▸ **Work item**
In the listing that follows, the lines starting at the one containing "at most sqrt" and ending at the one containing "bins share a" are to be returned exactly, both boundary lines included, and no others.

▸ **Data records**
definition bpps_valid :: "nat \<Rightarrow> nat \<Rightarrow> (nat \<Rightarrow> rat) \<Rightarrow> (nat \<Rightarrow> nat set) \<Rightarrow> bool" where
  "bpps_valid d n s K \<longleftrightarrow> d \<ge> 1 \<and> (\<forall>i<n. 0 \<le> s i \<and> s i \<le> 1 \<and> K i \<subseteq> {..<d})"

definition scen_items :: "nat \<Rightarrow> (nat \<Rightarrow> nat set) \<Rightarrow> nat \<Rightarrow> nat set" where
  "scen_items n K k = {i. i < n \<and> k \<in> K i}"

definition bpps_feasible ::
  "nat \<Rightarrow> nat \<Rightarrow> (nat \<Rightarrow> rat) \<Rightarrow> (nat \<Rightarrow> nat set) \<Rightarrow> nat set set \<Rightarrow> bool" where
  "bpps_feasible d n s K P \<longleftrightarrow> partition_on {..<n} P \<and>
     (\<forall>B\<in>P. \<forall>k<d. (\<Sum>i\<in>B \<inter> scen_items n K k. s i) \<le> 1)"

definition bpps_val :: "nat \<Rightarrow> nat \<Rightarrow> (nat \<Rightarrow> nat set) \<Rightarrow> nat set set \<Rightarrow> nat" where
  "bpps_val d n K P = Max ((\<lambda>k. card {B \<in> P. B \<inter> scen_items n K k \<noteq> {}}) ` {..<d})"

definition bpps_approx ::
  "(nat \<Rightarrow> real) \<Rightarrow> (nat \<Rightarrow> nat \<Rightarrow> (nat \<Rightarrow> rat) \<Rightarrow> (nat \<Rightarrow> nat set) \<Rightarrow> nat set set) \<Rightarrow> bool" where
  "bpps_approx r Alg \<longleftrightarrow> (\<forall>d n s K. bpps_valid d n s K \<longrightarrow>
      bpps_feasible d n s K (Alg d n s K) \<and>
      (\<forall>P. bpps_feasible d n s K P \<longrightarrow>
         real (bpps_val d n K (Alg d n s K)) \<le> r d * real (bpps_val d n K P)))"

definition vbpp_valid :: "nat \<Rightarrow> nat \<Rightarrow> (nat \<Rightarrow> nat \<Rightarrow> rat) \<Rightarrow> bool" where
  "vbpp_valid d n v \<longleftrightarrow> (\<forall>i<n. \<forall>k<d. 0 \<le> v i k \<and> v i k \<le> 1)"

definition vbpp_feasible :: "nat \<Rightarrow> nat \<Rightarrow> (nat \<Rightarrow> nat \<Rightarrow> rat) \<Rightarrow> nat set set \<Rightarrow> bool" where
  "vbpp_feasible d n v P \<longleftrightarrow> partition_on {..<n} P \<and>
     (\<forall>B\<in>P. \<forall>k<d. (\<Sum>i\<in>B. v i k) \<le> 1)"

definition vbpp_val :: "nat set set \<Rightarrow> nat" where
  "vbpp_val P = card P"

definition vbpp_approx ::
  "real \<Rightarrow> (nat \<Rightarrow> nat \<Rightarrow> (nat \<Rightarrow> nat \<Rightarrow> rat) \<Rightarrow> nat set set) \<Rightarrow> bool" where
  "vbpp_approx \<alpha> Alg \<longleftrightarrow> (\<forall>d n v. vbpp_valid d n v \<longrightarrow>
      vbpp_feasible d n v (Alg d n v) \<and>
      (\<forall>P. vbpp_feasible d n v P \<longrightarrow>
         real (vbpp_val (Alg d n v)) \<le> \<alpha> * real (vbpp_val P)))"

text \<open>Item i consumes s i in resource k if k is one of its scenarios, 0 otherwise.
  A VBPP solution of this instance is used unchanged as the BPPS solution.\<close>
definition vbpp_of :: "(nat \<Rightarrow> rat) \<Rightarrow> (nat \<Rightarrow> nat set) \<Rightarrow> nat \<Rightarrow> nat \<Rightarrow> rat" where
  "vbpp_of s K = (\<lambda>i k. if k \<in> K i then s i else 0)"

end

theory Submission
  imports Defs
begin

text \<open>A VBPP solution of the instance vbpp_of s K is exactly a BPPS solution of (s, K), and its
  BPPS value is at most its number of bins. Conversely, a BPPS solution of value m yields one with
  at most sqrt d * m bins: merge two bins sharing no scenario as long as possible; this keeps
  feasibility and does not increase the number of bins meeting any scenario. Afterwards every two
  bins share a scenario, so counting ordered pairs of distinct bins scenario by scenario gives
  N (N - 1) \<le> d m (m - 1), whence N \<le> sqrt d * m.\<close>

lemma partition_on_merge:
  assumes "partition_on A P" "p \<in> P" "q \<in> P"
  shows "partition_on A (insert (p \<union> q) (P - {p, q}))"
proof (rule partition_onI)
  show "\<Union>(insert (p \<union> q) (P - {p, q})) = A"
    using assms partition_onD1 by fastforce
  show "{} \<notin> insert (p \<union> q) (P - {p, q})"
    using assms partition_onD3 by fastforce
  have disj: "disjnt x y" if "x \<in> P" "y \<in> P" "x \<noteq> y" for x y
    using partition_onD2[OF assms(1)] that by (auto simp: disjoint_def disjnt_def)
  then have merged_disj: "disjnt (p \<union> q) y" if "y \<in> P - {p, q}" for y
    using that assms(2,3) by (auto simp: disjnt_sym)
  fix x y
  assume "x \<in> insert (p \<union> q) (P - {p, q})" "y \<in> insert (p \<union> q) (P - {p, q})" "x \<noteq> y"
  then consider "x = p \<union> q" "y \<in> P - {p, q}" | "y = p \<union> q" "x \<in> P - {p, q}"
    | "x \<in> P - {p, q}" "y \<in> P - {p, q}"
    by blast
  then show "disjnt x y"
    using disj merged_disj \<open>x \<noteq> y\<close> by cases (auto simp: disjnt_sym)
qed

▸ **Answer section**
  at most sqrt d * m bins: merge two bins sharing no scenario as long as possible; this keeps
  feasibility and does not increase the number of bins meeting any scenario. Afterwards every two
  bins share a scenario, so counting ordered pairs of distinct bins scenario by scenario gives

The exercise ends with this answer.